1.3 Entering Vital Records Data Into the SOIC System

The SOIC System offers two principal ways to code I&O literals. The program can be used as a data entry system. This means you can start up the program with an empty data table, and enter data from paper copies of vital records. The program can also code vital records data tables that are already available electronically, provided that the data can be converted into the right format.

As we explain in detail later in this manual, when you enter the SOIC System, your computer's screen is mostly taken up by the Data Entry Form. This form is based on the U.S. Standard Certificate of Death. The form contains a series of "fields," or blank spaces where you can fill in available information. The fields are in the same order as the items on the U.S. Standard Certificate of Death. Each screen of information displayed by the SOIC System is a single record, that is, a form for a single individual case. You can issue commands to the program that allow you to page through the records, just as you would page through a stack of paper documents. The SOIC System, therefore, allows you to immediately begin entering data from paper records as soon as you enter the program.

As we also explain later in the manual, you can import an existing text data file into the SOIC System. You can do this using the program's Import option- see Section 2.4.7, "The Import Option," for details. The SOIC System can also directly use data tables in formats employed by popular database management systems, including Access, dBASE, and FoxPro. These files do not need to be imported. (You can import them, however, and this is encouraged.)

Several steps need to be taken in advance if you wish to import data into the program, or use data prepared by a database management system. First, the data file must exist in a machine readable format. Usually, this means the file is stored on magnetic media such as magnetic tape, a hard disk, or a floppy disk. There must be a way to transfer the file from its current location to your computer system. Network connections and floppy disks are two of the most common methods of transferring files, but others are possible, including remote transmissions using a modem.

For a complete description of the file formats supported by the SOIC System, see Appendix B, "SOIC System Data File Formats."

Once you have entered data into the SOIC System, either by typing in data from paper records or by using data that is already in an electronic format, you can code the records using the 1990 coding scheme.

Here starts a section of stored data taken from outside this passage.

(* Let $a,b\colon\mathbb N\to\mathbb Z\setminus\{0\}$ be injective sequences and let $c\colon\mathbb N\to[0,1/4]$ be any sequence. Then there exist a probability space $(X,\mathcal X,\mu)$, invertible measure preserving transformations $T,S\colon X\to X$, and $A\in\mathcal X$ such that $c(n)=\mu(T^{-a(n)}A\cap S^{-b(n)}A)$ for every $n\in\mathbb N$. *)

theory Defs
  imports "HOL-Probability.Probability"
begin

definition invertible_mpt :: "'a measure \<Rightarrow> ('a \<Rightarrow> 'a) \<Rightarrow> bool" where
  "invertible_mpt M T \<longleftrightarrow>
     bij_betw T (space M) (space M) \<and>
     T \<in> measurable M M \<and> distr M M T = M \<and>
     the_inv_into (space M) T \<in> measurable M M \<and>
     distr M M (the_inv_into (space M) T) = M"

definition ziter :: "'a measure \<Rightarrow> ('a \<Rightarrow> 'a) \<Rightarrow> int \<Rightarrow> 'a \<Rightarrow> 'a" where
  "ziter M T k = (if 0 \<le> k then T ^^ nat k else (the_inv_into (space M) T) ^^ nat (- k))"

text \<open>The set T^{-k} A = {x. T^k x \<in> A}.\<close>
definition zpreimage :: "'a measure \<Rightarrow> ('a \<Rightarrow> 'a) \<Rightarrow> int \<Rightarrow> 'a set \<Rightarrow> 'a set" where
  "zpreimage M T k A = {x \<in> space M. ziter M T k x \<in> A}"

end

theory Submission
  imports Defs
begin

(* The space is the product of countably many copies of the uniform measure on [0, 1], with the
   coordinates indexed by two copies of the integers.  T is the shift along both copies, and
   S = R \<circ> T \<circ> R for an involution R that swaps coordinate (False, a n) with (True, b n)
   (and (False, 0) with (True, 0)) while reflecting these coordinates by a measure preserving
   map of [0, 1] chosen depending on c n.  For A = {x. x (False, 0) \<in> [0, 1/2)} both events
   T^a(n) x \<in> A and S^b(n) x \<in> A then depend only on the coordinate (False, a n), and their
   intersection has measure exactly c n. *)

definition preserves_measure :: "'a measure \<Rightarrow> ('a \<Rightarrow> 'a) \<Rightarrow> bool" where
  "preserves_measure M f \<longleftrightarrow> f \<in> measurable M M \<and> distr M M f = M"

lemma preserves_measure_comp:
  assumes "preserves_measure M f" "preserves_measure M g"
  shows "preserves_measure M (f \<circ> g)"
proof -
  have "distr M M (f \<circ> g) = distr (distr M M g) M f"
    using assms by (subst distr_distr) (auto simp: preserves_measure_def)
  with assms show ?thesis
    by (auto simp: preserves_measure_def intro: measurable_comp)
qed

lemma the_inv_into_UNIV_eq:
  assumes "U \<circ> T = id" "T \<circ> U = id"
  shows "the_inv_into UNIV T = U"
proof
  fix y
  have "inj T" using assms(1) by (metis inj_on_id inj_on_imageI2)
  then show "the_inv_into UNIV T y = U y"
    using assms(2) by (intro the_inv_into_f_eq) (auto simp: fun_eq_iff)
qed

lemma invertible_mpt_UNIV:
  assumes "space M = UNIV" "U \<circ> T = id" "T \<circ> U = id"
    and "preserves_measure M T" "preserves_measure M U"
  shows "invertible_mpt M T"
proof -
  have "bij T" using assms(2,3) by (rule o_bij)
  with assms show ?thesis
    by (simp add: invertible_mpt_def preserves_measure_def the_inv_into_UNIV_eq)
qed

lemma ziter_UNIV:
  assumes "space M = UNIV" "U \<circ> T = id" "T \<circ> U = id"
  shows "ziter M T k = (if 0 \<le> k then T ^^ nat k else U ^^ nat (- k))"
  using assms by (simp add: ziter_def the_inv_into_UNIV_eq)

lemma funpow_conj:
  assumes "R \<circ> R = id"
  shows "(R \<circ> f \<circ> R) ^^ n = R \<circ> f ^^ n \<circ> R"
proof -
  have "R (R x) = x" for x
    using assms by (rule pointfree_idE)
  then show ?thesis
    by (induction n) (simp_all add: fun_eq_iff)
qed

(* Hence integer iterates commute with conjugation by an involution; this is how the iterates
  of the second transformation \<open>S = R \<circ> T \<circ> R\<close> are reduced to those of \<open>T\<close>. *)
lemma ziter_conj:
  assumes "space M = UNIV" "U \<circ> T = id" "T \<circ> U = id" "R \<circ> R = id"
  shows "ziter M (R \<circ> T \<circ> R) k = R \<circ> ziter M T k \<circ> R"
proof -
  have "(R \<circ> U \<circ> R) \<circ> (R \<circ> T \<circ> R) = id" "(R \<circ> T \<circ> R) \<circ> (R \<circ> U \<circ> R) = id"
    using assms(2-4) by (simp_all add: fun_eq_iff pointfree_idE)
  then show ?thesis
    using assms by (simp add: ziter_UNIV funpow_conj)
qed

lemma prod_emb_vimage_coordinatewise:
  fixes M :: "'i \<Rightarrow> 'a measure"
  assumes J: "J \<subseteq> I" and A: "\<And>i. i \<in> J \<Longrightarrow> A i \<in> sets (M i)"
    and \<psi>_space: "\<And>i v. i \<in> I \<Longrightarrow> v \<in> space (M i) \<Longrightarrow> \<psi> i v \<in> space (M i)"
  shows "prod_emb I M J (Pi\<^sub>E J (\<lambda>j. \<psi> j -` A j \<inter> space (M j))) =
     (\<lambda>x. \<lambda>i\<in>I. \<psi> i (x i)) -` prod_emb I M J (Pi\<^sub>E J A) \<inter> space (PiM I M)"
proof -
  have "A j \<subseteq> space (M j)" if "j \<in> J" for j using A[OF that] by (rule sets.sets_into_space)
  moreover have "v \<in> (if i \<in> J then \<psi> i -` A i \<inter> space (M i) else space (M i)) \<longleftrightarrow>
      v \<in> space (M i) \<and> \<psi> i v \<in> (if i \<in> J then A i else space (M i))" if "i \<in> I" for i v
    using \<psi>_space[OF that] by auto
  ultimately show ?thesis
    using J by (subst (1 2) prod_emb_PiE) (auto simp: space_PiM PiE_iff)
qed

lemma distr_PiM_coordinatewise:
  assumes M: "\<And>i. i \<in> I \<Longrightarrow> prob_space (M i)"
    and \<psi>: "\<And>i. i \<in> I \<Longrightarrow> \<psi> i \<in> measurable (M i) (M i)"
    and pres: "\<And>i. i \<in> I \<Longrightarrow> distr (M i) (M i) (\<psi> i) = M i"
  shows "distr (PiM I M) (PiM I M) (\<lambda>x. \<lambda>i\<in>I. \<psi> i (x i)) = PiM I M"
    (is "distr ?P ?P ?F = ?P")
proof (rule measure_eqI_PiM_infinite[symmetric, OF refl])
  show "finite_measure ?P"
    using prob_space_PiM[of I M] M by (simp add: prob_space_def)
  fix J A assume J: "finite J" "J \<subseteq> I" and A: "\<And>i. i \<in> J \<Longrightarrow> A i \<in> sets (M i)"
  let ?B = "\<lambda>j. \<psi> j -` A j \<inter> space (M j)"
  have B: "?B j \<in> sets (M j)" if "j \<in> J" for j
    using that J A \<psi> by (auto intro: measurable_sets)
  have "?P (prod_emb I M J (Pi\<^sub>E J A)) = (\<Prod>j\<in>J. M j (A j))"
    using M J A by (intro emeasure_PiM_emb) auto
  also have "\<dots> = (\<Prod>j\<in>J. M j (?B j))"
  proof (rule prod.cong[OF refl])
    fix j assume "j \<in> J"
    then have "M j (A j) = distr (M j) (M j) (\<psi> j) (A j)"
      using J pres by auto
    also have "\<dots> = M j (?B j)"
      using \<open>j \<in> J\<close> J A \<psi> by (intro emeasure_distr) auto
    finally show "M j (A j) = M j (?B j)" .
  qed
  also have "\<dots> = ?P (prod_emb I M J (Pi\<^sub>E J ?B))"
    using M J B by (intro emeasure_PiM_emb[symmetric]) auto
  also have "prod_emb I M J (Pi\<^sub>E J ?B) = ?F -` prod_emb I M J (Pi\<^sub>E J A) \<inter> space ?P"
    using J A measurable_space[OF \<psi>] by (intro prod_emb_vimage_coordinatewise) auto
  also have "?P \<dots> = distr ?P ?P ?F (prod_emb I M J (Pi\<^sub>E J A))"
    using J A \<psi> by (intro emeasure_distr[symmetric] sets_PiM_I) auto
  finally show "?P (prod_emb I M J (Pi\<^sub>E J A)) = distr ?P ?P ?F (prod_emb I M J (Pi\<^sub>E J A))" .
qed simp

definition coord_map :: "('i \<Rightarrow> 'i) \<Rightarrow> ('i \<Rightarrow> 'a \<Rightarrow> 'a) \<Rightarrow> ('i \<Rightarrow> 'a) \<Rightarrow> 'i \<Rightarrow> 'a" where
  "coord_map \<rho> \<psi> x = (\<lambda>i. \<psi> i (x (\<rho> i)))"

lemma measurable_coord_map:
  assumes "\<And>i. \<psi> i \<in> measurable N N"
  shows "coord_map \<rho> \<psi> \<in> measurable (PiM UNIV (\<lambda>_. N)) (PiM UNIV (\<lambda>_. N))"
  unfolding coord_map_def[abs_def]
proof (rule measurable_PiM_single')
  fix i
  have "(\<lambda>x. x (\<rho> i)) \<in> measurable (PiM UNIV (\<lambda>_. N)) N"
    by (rule measurable_component_singleton) simp
  then show "(\<lambda>x. \<psi> i (x (\<rho> i))) \<in> measurable (PiM UNIV (\<lambda>_. N)) N"
    using assms by (rule measurable_compose)
  show "(\<lambda>x i. \<psi> i (x (\<rho> i))) \<in> space (PiM UNIV (\<lambda>_. N)) \<rightarrow> (UNIV \<rightarrow>\<^sub>E space N)"
    using measurable_space[OF assms] by (auto simp: space_PiM)
qed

You can code all the industry and occupation titles in the table at once, or code them record by record. You can edit the coded records, and manually code any literals that the program is unable to handle by itself. You can divide coded and uncoded records into two separate tables, for convenience in handling the uncoded records. You can export coded or uncoded data to a text file for use in other software programs. We explain these and other procedures throughout the rest of this manual.